Activity
Would you copy out only the lines from the one with "a * b \<noteq> 0 \<and>" to the end of the records, exactly as they stand?

[Extracted records]
lemma good_iff_has_separating_trinomial:
  fixes g :: "'a::field"
  assumes "coprime q1 q2" "1 < q1 * q2" "g ^ (q1 * q2) = 1"
  shows "good q1 q2 g \<longleftrightarrow>
    has_separating_trinomial (q1 * q2) {g, g ^ canon_elem q1 q2 0 1, g ^ canon_elem q1 q2 1 0}"
    (is "_ \<longleftrightarrow> has_separating_trinomial ?m {g, ?A, ?B}")
proof -
  have "?A * ?B = g" by (rule canon_elem_powers_mult[OF assms])
  moreover have "g \<noteq> 0" using assms(2,3) by (metis power_0_left not_one_less_zero zero_neq_one)
  moreover have "\<forall>x\<in>{g, ?A, ?B}. x ^ ?m = 1"
    using assms(3) by (simp add: power_mult[symmetric] mult.commute[of _ ?m]) (simp add: power_mult)
  moreover have "0 < ?m" using assms(2) by linarith
  moreover have good_iff: "good q1 q2 g \<longleftrightarrow>
      (\<exists>P. (\<forall>x\<in>{g, ?A, ?B}. poly P x = 0) \<and> poly P 1 = 1 \<and> num_monomials P \<le> 3)"
    unfolding good_def decoding_poly_def canonical_set_eq[OF assms(1,2)] by auto
  ultimately show ?thesis
    using separating_trinomial_of_sparse_poly[of ?A ?B g ?m]
      sparse_poly_of_separating_trinomial[of ?m "{g, ?A, ?B}"] by force
qed

theorem lemma4:
  fixes p1 p2 a1 a2 m t :: nat and \<gamma> :: "'a::{field,finite}"
  assumes "prime p1" "prime p2" "p1 > 2" "p2 > 2" "p1 \<noteq> p2"
    and "a1 > 0" "a2 > 0"
    and "m = p1 ^ a1 * p2 ^ a2"
    and "t = ord m 2"
    and "card (UNIV :: 'a set) = 2 ^ t"
    and "primitive_root_of_unity m \<gamma>"
  shows "good (p1 ^ a1) (p2 ^ a2) \<gamma> \<longleftrightarrow>
    (\<exists>(u::nat) (v::nat) (a::'a) (b::'a).
        a * b \<noteq> 0 \<and>
        u mod m \<noteq> v mod m \<and> u mod m \<noteq> 0 \<and> v mod m \<noteq> 0 \<and>
        (let Q = (\<lambda>x::'a. x ^ u + a * x ^ v + b) in
           Q \<gamma> = 0 \<and> Q (\<gamma> ^ canon_elem (p1 ^ a1) (p2 ^ a2) 0 1) = 0 \<and>
           Q (\<gamma> ^ canon_elem (p1 ^ a1) (p2 ^ a2) 1 0) = 0 \<and> Q 1 \<noteq> 0))"
proof -
  have "coprime (p1 ^ a1) (p2 ^ a2)"
    using assms(1,2,5) by (simp add: primes_coprime)
  moreover have "1 < p1 ^ a1 * p2 ^ a2"
    using assms(1,2,6,7) by (metis less_1_mult one_less_power prime_gt_1_nat)
  moreover have "\<gamma> ^ (p1 ^ a1 * p2 ^ a2) = 1"
    using assms(8,11) unfolding primitive_root_of_unity_def by simp
  ultimately have "good (p1 ^ a1) (p2 ^ a2) \<gamma> \<longleftrightarrow> has_separating_trinomial (p1 ^ a1 * p2 ^ a2)
      {\<gamma>, \<gamma> ^ canon_elem (p1 ^ a1) (p2 ^ a2) 0 1, \<gamma> ^ canon_elem (p1 ^ a1) (p2 ^ a2) 1 0}"
    by (rule good_iff_has_separating_trinomial)
  then show ?thesis
    unfolding has_separating_trinomial_def assms(8) Let_def by simp
qed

Exercise response
        a * b \<noteq> 0 \<and>
        u mod m \<noteq> v mod m \<and> u mod m \<noteq> 0 \<and> v mod m \<noteq> 0 \<and>
        (let Q = (\<lambda>x::'a. x ^ u + a * x ^ v + b) in
           Q \<gamma> = 0 \<and> Q (\<gamma> ^ canon_elem (p1 ^ a1) (p2 ^ a2) 0 1) = 0 \<and>
           Q (\<gamma> ^ canon_elem (p1 ^ a1) (p2 ^ a2) 1 0) = 0 \<and> Q 1 \<noteq> 0))"
proof -
  have "coprime (p1 ^ a1) (p2 ^ a2)"
    using assms(1,2,5) by (simp add: primes_coprime)
  moreover have "1 < p1 ^ a1 * p2 ^ a2"
    using assms(1,2,6,7) by (metis less_1_mult one_less_power prime_gt_1_nat)
  moreover have "\<gamma> ^ (p1 ^ a1 * p2 ^ a2) = 1"
    using assms(8,11) unfolding primitive_root_of_unity_def by simp
  ultimately have "good (p1 ^ a1) (p2 ^ a2) \<gamma> \<longleftrightarrow> has_separating_trinomial (p1 ^ a1 * p2 ^ a2)
      {\<gamma>, \<gamma> ^ canon_elem (p1 ^ a1) (p2 ^ a2) 0 1, \<gamma> ^ canon_elem (p1 ^ a1) (p2 ^ a2) 1 0}"
    by (rule good_iff_has_separating_trinomial)
  then show ?thesis
    unfolding has_separating_trinomial_def assms(8) Let_def by simp
qed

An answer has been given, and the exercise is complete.